### [Exercise requirements]
Output only the stretch of the listing that starts at the line containing "by (simp add: hess" and ends at the line containing "using sig by blast", reproduced exactly with both ends.

--------

definition quad_objective_grad ::
  "real^'m^'m \<Rightarrow> real \<Rightarrow> real \<Rightarrow> real^'n^'m \<Rightarrow> real^'n^'m \<Rightarrow> real^'n^'m" where
  "quad_objective_grad P lam sig X W =
     lam *\<^sub>R ((mat 1 - P) ** W) - P ** (X - W) - sig *\<^sub>R ((ones_mat :: real^'m^'m) ** (X - W))"

definition quad_objective_hess :: "real^'m^'m \<Rightarrow> real \<Rightarrow> real \<Rightarrow> real^'m^'m" where
  "quad_objective_hess P lam sig = (1 - lam) *\<^sub>R P + sig *\<^sub>R ones_mat + lam *\<^sub>R mat 1"

lemma objective_eq_quad_objective:
  fixes A :: "real^'m^'k" and X :: "real^'n^'m"
  assumes "A ** transpose A = mat 1"
  shows "objective A X lam sig U V = quad_objective (transpose A ** A) lam sig X (U ** transpose V)"
proof -
  define P where "P = transpose A ** A"
  have P_sym: "transpose P = P"
    by (simp add: P_def matrix_transpose_mul)
  have "P ** P = transpose A ** (A ** transpose A) ** A"
    by (simp add: P_def matrix_mul_assoc)
  then have P_idem: "P ** P = P"
    by (simp add: assms P_def)
  define M where "M = mat 1 - P"
  have M_sym: "transpose M = M" and M_idem: "M ** M = M"
    by (simp_all add: M_def transpose_diff P_sym matrix_diff_ldistrib matrix_diff_rdistrib P_idem)
  have "inner (M ** W) (M ** W) = inner W (M ** W)" for W :: "real^'n^'m"
    by (simp add: inner_matrix_mul_left M_sym matrix_mul_assoc M_idem)
  moreover have "inner (A ** E) (A ** E) = inner E (P ** E)" for E :: "real^'n^'m"
    by (simp add: inner_matrix_mul_left P_def matrix_mul_assoc)
  ultimately show ?thesis
    unfolding objective_def frob_sq_eq_inner sum_sq_column_sums_eq_inner
    by (simp add: quad_objective_def flip: P_def M_def)
qed

lemma quad_objective_add:
  fixes P :: "real^'m^'m" and X W D :: "real^'n^'m"
  assumes P_sym: "transpose P = P"
  shows "quad_objective P lam sig X (W + D)
    = quad_objective P lam sig X W + 2 * inner D (quad_objective_grad P lam sig X W)
      + inner D (quad_objective_hess P lam sig ** D)"
proof -
  define J where "J = (ones_mat :: real^'m^'m)"
  have M_sym: "transpose (mat 1 - P) = mat 1 - P"
    by (simp add: transpose_diff P_sym)
  have residual: "X - (W + D) = (X - W) - D"
    by simp
  have hess: "inner D (quad_objective_hess P lam sig ** D)
      = (1 - lam) * inner D (P ** D) + sig * inner D (J ** D) + lam * inner D D"
    by (simp add: quad_objective_hess_def J_def matrix_ring_simps inner_add_right)
  have complement: "inner D ((mat 1 - P) ** D) = inner D D - inner D (P ** D)"
    by (simp add: matrix_diff_rdistrib inner_diff_right)
  show ?thesis
    unfolding quad_objective_def quad_objective_grad_def residual
      quadratic_form_add[OF M_sym] quadratic_form_diff[OF P_sym]
      quadratic_form_diff[OF transpose_ones_mat]
    by (simp add: hess complement inner_diff_right J_def algebra_simps)
qed

lemma nonneg_mat_quad_objective_hess:
  assumes lam: "0 \<le> lam" "lam \<le> 1" and sig: "\<forall>a b. max 0 (- P $ a $ b) \<le> sig"
  shows "nonneg_mat (quad_objective_hess P lam sig)"
  unfolding nonneg_mat_def
proof (intro allI)
  fix a b
  have "(1 - lam) * (- P $ a $ b) \<le> (1 - lam) * max 0 (- P $ a $ b)"
    using lam by (intro mult_left_mono) auto
  also have "\<dots> \<le> max 0 (- P $ a $ b)"
    using lam by (intro mult_left_le_one_le) auto
  also have "\<dots> \<le> sig"
    using sig by blast
  finally have "0 \<le> (1 - lam) * P $ a $ b + sig"
    by simp
  then show "0 \<le> quad_objective_hess P lam sig $ a $ b"
    using lam by (simp add: quad_objective_hess_def ones_mat_def mat_def)
qed

lemma nonneg_mat_add_scaled_ones:
  assumes "\<forall>a b. max 0 (- P $ a $ b) \<le> sig"
  shows "nonneg_mat (P + sig *\<^sub>R (ones_mat :: real^'m^'m))"
  unfolding nonneg_mat_def
proof (intro allI)
  fix i j
  have "- P $ i $ j \<le> sig"
    using assms by (metis max.bounded_iff)
  then show "0 \<le> (P + sig *\<^sub>R (ones_mat :: real^'m^'m)) $ i $ j"
    by (simp add: ones_mat_def)
qed

lemma transpose_quad_objective_hess:
  "transpose P = P \<Longrightarrow> transpose (quad_objective_hess P lam sig) = quad_objective_hess P lam sig"
  by (simp add: quad_objective_hess_def transpose_add transpose_scalar transpose_ones_mat)

lemma numer_U_eq: "numer_U A X lam sig U V = (transpose A ** A + sig *\<^sub>R ones_mat) ** X ** V"
  by (simp add: numer_U_def matrix_ring_simps)

lemma denom_U_eq:
  "denom_U A X lam sig U V = quad_objective_hess (transpose A ** A) lam sig ** U ** (transpose V ** V)"
  by (simp add: denom_U_def quad_objective_hess_def matrix_ring_simps)

lemma quad_objective_grad_mul_right:
  "quad_objective_grad (transpose A ** A) lam sig X (U ** transpose V) ** V
     = denom_U A X lam sig U V - numer_U A X lam sig U V"
  by (simp add: quad_objective_grad_def denom_U_def numer_U_def matrix_ring_simps algebra_simps)

lemma numer_V_eq: "numer_V A X lam sig U V = transpose X ** (transpose A ** A + sig *\<^sub>R ones_mat) ** U"
  by (simp add: numer_V_def matrix_ring_simps)

lemma denom_V_eq:
  "denom_V A X lam sig U V = V ** (transpose U ** quad_objective_hess (transpose A ** A) lam sig ** U)"
  by (simp add: denom_V_def quad_objective_hess_def matrix_ring_simps)

lemma transpose_quad_objective_grad_mul_left:
  "transpose (quad_objective_grad (transpose A ** A) lam sig X (U ** transpose V)) ** U
     = denom_V A X lam sig U V - numer_V A X lam sig U V"
  by (simp add: quad_objective_grad_def denom_V_def numer_V_def matrix_ring_simps algebra_simps
      transpose_add transpose_diff transpose_scalar matrix_transpose_mul transpose_ones_mat)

--------

### [Result below]
    by (simp add: hess complement inner_diff_right J_def algebra_simps)
qed

lemma nonneg_mat_quad_objective_hess:
  assumes lam: "0 \<le> lam" "lam \<le> 1" and sig: "\<forall>a b. max 0 (- P $ a $ b) \<le> sig"
  shows "nonneg_mat (quad_objective_hess P lam sig)"
  unfolding nonneg_mat_def
proof (intro allI)
  fix a b
  have "(1 - lam) * (- P $ a $ b) \<le> (1 - lam) * max 0 (- P $ a $ b)"
    using lam by (intro mult_left_mono) auto
  also have "\<dots> \<le> max 0 (- P $ a $ b)"
    using lam by (intro mult_left_le_one_le) auto
  also have "\<dots> \<le> sig"
    using sig by blast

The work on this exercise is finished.